(Stored data entries)

******************************

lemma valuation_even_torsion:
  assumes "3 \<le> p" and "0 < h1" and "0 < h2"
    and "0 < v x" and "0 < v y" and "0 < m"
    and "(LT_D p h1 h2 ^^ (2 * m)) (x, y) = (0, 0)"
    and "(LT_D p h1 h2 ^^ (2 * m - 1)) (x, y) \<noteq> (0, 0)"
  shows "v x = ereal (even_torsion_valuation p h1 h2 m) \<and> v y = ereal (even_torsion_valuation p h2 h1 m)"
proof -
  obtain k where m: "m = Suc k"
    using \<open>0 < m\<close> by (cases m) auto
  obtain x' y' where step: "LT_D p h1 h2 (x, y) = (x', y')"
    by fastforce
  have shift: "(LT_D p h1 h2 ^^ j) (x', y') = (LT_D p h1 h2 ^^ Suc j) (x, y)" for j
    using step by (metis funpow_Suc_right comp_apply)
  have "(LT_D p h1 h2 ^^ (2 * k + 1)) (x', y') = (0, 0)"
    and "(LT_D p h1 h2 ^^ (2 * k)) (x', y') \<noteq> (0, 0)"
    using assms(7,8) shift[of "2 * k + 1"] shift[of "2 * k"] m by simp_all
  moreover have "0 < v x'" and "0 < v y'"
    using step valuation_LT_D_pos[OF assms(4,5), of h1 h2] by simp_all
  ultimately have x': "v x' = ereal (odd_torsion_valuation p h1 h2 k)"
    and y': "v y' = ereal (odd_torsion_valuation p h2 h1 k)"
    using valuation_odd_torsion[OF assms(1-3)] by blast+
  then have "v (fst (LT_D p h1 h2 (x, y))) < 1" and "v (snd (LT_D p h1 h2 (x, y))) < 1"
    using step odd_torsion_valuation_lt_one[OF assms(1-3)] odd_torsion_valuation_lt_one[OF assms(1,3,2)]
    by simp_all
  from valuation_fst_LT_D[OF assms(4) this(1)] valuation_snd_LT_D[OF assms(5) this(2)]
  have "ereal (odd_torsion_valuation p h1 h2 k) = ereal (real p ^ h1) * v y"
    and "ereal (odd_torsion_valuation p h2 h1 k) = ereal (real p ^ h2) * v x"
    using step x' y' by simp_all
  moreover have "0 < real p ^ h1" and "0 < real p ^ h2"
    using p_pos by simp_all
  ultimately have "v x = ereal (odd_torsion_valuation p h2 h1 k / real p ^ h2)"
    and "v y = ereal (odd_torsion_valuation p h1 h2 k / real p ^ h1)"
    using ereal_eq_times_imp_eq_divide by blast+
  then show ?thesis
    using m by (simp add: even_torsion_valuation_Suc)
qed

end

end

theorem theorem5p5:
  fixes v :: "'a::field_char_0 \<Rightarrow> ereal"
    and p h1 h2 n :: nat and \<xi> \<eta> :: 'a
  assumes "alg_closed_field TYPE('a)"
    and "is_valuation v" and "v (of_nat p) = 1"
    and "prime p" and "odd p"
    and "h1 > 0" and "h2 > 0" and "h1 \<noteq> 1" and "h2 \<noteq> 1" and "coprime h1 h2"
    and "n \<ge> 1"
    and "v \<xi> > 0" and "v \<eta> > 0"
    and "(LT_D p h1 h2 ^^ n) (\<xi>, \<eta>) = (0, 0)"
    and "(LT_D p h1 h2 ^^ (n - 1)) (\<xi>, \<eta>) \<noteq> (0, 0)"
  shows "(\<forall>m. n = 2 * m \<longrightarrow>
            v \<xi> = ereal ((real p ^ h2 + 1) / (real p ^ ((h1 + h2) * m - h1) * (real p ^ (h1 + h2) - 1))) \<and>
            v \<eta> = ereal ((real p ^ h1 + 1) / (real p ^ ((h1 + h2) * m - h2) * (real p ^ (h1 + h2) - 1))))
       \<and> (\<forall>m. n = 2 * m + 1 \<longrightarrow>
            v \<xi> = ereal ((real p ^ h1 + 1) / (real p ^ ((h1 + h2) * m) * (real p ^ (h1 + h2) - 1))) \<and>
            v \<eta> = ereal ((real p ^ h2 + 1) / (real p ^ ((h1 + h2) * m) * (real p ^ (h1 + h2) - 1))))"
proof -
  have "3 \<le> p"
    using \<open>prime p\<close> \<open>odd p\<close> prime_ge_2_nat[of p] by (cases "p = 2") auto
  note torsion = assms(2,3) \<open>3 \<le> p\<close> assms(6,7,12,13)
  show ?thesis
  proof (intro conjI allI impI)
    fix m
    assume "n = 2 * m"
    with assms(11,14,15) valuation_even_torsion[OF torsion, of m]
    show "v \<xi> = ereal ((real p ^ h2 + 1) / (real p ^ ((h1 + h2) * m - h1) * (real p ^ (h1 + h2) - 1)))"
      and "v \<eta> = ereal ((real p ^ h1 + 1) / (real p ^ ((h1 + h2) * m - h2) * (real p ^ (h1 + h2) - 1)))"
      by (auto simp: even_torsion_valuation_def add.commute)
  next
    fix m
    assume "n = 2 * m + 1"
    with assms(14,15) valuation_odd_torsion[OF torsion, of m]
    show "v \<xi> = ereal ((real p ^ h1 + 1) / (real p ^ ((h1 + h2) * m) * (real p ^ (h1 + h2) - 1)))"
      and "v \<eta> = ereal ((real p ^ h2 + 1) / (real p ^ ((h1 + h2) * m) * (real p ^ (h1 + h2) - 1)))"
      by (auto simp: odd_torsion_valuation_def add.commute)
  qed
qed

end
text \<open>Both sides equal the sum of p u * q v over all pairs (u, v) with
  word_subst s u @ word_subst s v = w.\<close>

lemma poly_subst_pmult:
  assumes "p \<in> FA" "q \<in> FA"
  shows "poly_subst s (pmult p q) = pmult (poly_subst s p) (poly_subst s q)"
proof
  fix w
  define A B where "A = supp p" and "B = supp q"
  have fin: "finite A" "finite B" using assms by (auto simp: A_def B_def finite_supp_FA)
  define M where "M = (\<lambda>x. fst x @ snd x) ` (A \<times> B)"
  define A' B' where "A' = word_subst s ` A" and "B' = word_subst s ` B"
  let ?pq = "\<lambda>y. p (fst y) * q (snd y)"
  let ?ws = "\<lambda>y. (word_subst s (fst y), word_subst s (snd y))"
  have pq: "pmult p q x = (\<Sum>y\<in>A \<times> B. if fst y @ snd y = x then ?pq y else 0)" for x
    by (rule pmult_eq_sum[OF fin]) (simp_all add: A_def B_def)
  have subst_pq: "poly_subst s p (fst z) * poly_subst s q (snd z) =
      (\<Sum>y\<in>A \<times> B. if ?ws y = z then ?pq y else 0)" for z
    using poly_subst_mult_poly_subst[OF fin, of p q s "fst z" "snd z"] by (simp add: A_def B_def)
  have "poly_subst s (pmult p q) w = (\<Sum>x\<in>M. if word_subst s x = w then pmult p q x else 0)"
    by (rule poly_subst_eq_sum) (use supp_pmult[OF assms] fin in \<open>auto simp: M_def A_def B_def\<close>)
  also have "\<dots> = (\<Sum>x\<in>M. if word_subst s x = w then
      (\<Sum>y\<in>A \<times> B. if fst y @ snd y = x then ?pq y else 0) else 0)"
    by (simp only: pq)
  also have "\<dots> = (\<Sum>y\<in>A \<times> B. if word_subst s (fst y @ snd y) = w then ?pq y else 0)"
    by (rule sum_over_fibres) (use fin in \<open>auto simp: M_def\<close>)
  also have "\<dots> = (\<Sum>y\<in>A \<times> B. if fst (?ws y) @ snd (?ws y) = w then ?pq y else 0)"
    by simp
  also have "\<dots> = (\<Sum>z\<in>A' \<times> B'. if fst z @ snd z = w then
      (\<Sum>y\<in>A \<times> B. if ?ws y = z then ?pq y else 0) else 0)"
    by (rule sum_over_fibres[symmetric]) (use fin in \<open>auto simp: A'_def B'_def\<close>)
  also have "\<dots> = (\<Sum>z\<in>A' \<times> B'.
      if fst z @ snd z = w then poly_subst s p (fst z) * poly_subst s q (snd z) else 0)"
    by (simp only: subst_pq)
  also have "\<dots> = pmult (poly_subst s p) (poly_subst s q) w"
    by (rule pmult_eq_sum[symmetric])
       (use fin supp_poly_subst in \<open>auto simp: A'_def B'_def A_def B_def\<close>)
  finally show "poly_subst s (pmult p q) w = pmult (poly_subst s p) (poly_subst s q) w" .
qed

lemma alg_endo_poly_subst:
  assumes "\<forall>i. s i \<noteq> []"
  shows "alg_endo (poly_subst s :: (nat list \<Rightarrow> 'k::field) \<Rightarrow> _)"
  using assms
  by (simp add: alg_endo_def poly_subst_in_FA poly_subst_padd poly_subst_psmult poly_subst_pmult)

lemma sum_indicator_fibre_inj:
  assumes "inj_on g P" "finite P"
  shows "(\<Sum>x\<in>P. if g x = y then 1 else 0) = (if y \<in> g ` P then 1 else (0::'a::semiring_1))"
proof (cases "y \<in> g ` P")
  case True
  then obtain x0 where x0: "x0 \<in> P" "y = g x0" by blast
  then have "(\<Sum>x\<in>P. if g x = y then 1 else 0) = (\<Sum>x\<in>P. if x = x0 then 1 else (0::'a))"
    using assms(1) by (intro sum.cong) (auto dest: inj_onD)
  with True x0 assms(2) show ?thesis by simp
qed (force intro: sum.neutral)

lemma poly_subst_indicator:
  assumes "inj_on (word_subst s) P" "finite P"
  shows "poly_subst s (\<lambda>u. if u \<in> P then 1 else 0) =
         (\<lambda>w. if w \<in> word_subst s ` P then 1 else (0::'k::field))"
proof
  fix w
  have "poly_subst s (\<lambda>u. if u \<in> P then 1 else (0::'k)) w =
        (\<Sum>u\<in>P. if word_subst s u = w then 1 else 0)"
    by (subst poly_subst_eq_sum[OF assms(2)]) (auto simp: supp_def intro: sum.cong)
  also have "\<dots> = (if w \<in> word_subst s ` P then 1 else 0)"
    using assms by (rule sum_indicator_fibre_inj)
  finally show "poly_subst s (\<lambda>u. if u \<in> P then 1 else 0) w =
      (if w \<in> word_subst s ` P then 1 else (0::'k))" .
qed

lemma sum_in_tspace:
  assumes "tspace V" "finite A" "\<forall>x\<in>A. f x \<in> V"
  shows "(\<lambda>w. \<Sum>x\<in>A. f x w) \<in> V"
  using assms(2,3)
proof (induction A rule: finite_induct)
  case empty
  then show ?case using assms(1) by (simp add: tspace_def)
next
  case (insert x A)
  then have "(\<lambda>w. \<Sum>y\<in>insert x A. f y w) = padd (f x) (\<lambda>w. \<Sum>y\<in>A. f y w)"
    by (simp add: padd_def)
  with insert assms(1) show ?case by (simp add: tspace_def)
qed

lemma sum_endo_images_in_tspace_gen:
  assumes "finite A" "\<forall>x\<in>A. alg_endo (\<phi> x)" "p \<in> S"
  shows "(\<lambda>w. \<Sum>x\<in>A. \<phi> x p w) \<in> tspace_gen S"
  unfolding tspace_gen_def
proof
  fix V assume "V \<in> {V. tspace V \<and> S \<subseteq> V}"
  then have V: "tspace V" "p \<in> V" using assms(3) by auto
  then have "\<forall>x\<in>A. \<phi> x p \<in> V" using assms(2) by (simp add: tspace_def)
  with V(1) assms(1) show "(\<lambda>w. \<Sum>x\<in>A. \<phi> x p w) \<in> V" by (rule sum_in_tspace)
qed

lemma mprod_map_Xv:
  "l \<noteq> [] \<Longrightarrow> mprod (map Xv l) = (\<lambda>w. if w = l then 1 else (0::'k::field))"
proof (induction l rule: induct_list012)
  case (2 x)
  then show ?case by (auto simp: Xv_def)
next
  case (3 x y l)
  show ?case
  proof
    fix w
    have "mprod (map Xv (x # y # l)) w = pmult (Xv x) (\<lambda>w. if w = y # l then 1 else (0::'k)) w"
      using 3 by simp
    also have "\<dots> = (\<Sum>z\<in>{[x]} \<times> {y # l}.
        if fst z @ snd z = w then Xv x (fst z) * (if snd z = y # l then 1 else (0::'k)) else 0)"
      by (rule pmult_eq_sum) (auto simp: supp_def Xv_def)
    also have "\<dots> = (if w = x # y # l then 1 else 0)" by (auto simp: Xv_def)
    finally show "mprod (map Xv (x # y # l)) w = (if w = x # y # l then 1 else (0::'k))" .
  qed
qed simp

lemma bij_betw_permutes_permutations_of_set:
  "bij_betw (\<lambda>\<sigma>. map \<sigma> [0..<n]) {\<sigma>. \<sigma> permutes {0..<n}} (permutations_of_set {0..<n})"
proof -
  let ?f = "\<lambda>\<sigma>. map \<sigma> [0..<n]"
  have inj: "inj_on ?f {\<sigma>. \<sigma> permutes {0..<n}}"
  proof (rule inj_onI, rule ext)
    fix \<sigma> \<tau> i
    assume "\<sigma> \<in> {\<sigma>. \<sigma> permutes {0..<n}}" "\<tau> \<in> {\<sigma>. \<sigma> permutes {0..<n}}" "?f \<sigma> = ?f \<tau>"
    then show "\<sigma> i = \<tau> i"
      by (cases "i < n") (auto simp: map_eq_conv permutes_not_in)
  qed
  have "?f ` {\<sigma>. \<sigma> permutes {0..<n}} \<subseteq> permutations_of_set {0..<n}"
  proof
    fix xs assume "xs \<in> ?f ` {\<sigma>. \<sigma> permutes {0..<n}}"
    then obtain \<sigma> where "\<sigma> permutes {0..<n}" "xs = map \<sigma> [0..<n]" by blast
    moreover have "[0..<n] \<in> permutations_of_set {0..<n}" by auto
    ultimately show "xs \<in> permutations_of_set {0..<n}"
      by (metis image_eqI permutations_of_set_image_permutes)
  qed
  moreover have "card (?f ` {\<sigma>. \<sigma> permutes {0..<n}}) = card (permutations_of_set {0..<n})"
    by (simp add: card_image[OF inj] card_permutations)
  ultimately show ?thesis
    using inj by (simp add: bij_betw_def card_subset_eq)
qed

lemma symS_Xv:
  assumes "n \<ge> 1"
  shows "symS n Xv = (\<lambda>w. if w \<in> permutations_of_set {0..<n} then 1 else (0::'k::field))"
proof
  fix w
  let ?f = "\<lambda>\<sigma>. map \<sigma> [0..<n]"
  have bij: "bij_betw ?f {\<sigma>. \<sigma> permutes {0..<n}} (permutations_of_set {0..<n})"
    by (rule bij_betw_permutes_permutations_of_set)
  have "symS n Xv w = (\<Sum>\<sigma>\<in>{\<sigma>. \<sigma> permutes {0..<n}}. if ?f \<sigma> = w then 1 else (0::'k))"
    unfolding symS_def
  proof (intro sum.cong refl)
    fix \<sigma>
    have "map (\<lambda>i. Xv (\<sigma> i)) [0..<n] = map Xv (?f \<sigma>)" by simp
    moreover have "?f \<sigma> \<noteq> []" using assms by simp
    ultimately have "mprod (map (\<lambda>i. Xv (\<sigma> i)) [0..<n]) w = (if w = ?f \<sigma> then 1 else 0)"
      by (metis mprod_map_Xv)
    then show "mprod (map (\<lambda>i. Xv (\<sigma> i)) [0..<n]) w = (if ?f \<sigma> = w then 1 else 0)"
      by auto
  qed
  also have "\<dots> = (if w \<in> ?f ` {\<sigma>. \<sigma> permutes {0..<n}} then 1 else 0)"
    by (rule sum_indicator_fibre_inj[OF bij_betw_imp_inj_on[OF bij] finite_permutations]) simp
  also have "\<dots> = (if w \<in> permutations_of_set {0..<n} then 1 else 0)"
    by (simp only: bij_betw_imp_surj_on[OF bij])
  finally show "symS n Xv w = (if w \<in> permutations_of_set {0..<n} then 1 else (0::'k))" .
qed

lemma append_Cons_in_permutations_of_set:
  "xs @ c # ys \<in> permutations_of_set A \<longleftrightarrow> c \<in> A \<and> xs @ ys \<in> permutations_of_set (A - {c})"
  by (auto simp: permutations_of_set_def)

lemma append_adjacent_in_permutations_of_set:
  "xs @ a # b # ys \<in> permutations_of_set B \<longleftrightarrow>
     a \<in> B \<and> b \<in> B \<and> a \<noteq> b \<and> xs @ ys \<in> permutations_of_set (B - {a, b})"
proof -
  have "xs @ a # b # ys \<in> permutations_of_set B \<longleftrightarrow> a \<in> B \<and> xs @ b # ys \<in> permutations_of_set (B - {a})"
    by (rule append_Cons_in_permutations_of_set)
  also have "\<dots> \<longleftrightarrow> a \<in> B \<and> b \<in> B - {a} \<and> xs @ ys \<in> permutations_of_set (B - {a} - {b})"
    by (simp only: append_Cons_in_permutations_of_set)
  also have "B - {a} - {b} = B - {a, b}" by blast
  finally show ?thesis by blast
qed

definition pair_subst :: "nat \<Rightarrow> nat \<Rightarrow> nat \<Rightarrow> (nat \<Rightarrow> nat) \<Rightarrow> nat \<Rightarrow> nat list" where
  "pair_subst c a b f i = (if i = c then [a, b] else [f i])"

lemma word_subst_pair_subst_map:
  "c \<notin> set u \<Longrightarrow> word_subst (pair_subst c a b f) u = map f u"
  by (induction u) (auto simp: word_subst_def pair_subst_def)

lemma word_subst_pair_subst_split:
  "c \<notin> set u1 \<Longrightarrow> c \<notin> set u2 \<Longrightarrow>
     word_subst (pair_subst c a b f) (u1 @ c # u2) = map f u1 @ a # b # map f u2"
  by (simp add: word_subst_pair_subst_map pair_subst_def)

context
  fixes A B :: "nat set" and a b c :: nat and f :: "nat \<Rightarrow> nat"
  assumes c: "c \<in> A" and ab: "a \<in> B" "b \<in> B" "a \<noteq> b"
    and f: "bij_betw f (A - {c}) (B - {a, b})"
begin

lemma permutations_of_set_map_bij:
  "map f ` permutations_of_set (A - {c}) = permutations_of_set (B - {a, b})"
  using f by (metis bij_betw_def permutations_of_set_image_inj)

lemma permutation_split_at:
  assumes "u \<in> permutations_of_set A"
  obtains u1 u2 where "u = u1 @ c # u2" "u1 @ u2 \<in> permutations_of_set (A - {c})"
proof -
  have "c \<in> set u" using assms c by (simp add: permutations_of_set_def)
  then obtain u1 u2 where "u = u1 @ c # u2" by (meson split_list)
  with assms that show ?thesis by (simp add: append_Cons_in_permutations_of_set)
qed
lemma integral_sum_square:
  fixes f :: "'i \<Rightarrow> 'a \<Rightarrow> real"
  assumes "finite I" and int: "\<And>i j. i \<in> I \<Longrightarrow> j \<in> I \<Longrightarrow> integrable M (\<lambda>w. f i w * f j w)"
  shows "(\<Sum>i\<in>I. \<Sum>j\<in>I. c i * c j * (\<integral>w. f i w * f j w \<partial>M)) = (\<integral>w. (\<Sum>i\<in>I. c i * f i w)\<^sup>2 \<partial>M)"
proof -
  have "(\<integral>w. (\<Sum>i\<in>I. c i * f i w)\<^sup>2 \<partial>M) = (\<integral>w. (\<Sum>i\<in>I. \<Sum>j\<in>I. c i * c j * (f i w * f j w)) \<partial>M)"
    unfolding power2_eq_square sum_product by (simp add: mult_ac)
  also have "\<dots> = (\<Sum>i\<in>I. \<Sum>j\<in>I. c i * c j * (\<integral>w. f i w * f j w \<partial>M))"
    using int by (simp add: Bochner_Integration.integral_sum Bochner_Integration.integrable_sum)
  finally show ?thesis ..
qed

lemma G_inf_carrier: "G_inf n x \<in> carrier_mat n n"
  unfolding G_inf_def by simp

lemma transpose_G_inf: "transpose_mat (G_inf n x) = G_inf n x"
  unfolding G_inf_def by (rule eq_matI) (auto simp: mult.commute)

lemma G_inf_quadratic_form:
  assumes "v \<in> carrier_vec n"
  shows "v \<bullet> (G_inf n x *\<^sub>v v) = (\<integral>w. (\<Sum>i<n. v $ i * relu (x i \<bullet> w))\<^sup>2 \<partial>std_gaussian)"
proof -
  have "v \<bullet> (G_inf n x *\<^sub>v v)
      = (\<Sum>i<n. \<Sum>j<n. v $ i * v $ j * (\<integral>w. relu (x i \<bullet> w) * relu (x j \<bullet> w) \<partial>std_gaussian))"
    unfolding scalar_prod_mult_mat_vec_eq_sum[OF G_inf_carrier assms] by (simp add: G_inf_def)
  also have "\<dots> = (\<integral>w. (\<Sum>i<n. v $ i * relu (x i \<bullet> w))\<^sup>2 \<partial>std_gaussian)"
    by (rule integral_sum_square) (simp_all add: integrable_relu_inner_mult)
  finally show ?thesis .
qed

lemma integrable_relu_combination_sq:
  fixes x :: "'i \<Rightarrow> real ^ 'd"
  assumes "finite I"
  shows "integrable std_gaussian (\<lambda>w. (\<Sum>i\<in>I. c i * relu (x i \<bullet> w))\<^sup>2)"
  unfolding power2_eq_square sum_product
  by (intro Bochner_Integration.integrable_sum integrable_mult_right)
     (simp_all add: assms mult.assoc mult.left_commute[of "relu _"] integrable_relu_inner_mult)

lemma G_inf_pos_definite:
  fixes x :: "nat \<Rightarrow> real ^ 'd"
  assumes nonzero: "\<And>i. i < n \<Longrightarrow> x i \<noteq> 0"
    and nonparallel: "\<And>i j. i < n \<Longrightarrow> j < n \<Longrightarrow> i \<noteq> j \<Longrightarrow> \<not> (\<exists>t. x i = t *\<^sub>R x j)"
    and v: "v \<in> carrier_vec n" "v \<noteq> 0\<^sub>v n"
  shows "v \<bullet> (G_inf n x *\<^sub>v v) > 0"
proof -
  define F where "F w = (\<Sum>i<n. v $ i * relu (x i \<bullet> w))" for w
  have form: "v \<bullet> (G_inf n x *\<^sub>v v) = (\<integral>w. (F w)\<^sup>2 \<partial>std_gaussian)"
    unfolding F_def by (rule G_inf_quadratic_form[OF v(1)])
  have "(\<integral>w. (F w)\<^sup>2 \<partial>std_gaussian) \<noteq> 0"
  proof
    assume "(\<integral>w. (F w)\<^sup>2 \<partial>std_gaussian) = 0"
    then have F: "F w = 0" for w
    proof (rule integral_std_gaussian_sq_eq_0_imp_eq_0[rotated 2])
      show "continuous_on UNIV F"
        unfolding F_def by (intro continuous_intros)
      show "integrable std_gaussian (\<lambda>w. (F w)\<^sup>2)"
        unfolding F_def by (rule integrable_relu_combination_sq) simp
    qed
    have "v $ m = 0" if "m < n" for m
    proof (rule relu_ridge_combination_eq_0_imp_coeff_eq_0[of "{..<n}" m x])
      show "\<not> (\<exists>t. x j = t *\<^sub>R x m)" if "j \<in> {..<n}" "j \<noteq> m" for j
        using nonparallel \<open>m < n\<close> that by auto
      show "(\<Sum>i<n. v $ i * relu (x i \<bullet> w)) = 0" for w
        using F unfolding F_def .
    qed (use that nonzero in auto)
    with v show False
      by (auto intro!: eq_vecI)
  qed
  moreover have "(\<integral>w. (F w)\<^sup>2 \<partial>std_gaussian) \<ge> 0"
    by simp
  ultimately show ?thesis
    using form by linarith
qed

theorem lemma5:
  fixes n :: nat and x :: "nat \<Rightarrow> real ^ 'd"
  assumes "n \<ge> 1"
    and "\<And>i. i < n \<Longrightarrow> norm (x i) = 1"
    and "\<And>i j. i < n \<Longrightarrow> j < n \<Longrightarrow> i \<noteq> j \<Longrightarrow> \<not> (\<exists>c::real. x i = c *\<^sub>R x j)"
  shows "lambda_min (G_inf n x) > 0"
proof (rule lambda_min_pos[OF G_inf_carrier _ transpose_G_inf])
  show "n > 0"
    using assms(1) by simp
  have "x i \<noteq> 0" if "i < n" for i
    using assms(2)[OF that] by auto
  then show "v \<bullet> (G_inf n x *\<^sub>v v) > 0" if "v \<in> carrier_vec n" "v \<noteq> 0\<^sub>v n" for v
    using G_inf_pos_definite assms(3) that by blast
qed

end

******************************

Problem to work on » Please transcribe exactly the lines above from the line that has "std_gaussian (\<lambda>w. (\<Sum>i\<in>I." up to and including the line that has "(\<exists>t. x i"; no other line belongs in the answer.

Your solution »
  shows "integrable std_gaussian (\<lambda>w. (\<Sum>i\<in>I. c i * relu (x i \<bullet> w))\<^sup>2)"
  unfolding power2_eq_square sum_product
  by (intro Bochner_Integration.integrable_sum integrable_mult_right)
     (simp_all add: assms mult.assoc mult.left_commute[of "relu _"] integrable_relu_inner_mult)

lemma G_inf_pos_definite:
  fixes x :: "nat \<Rightarrow> real ^ 'd"
  assumes nonzero: "\<And>i. i < n \<Longrightarrow> x i \<noteq> 0"
    and nonparallel: "\<And>i j. i < n \<Longrightarrow> j < n \<Longrightarrow> i \<noteq> j \<Longrightarrow> \<not> (\<exists>t. x i = t *\<^sub>R x j)"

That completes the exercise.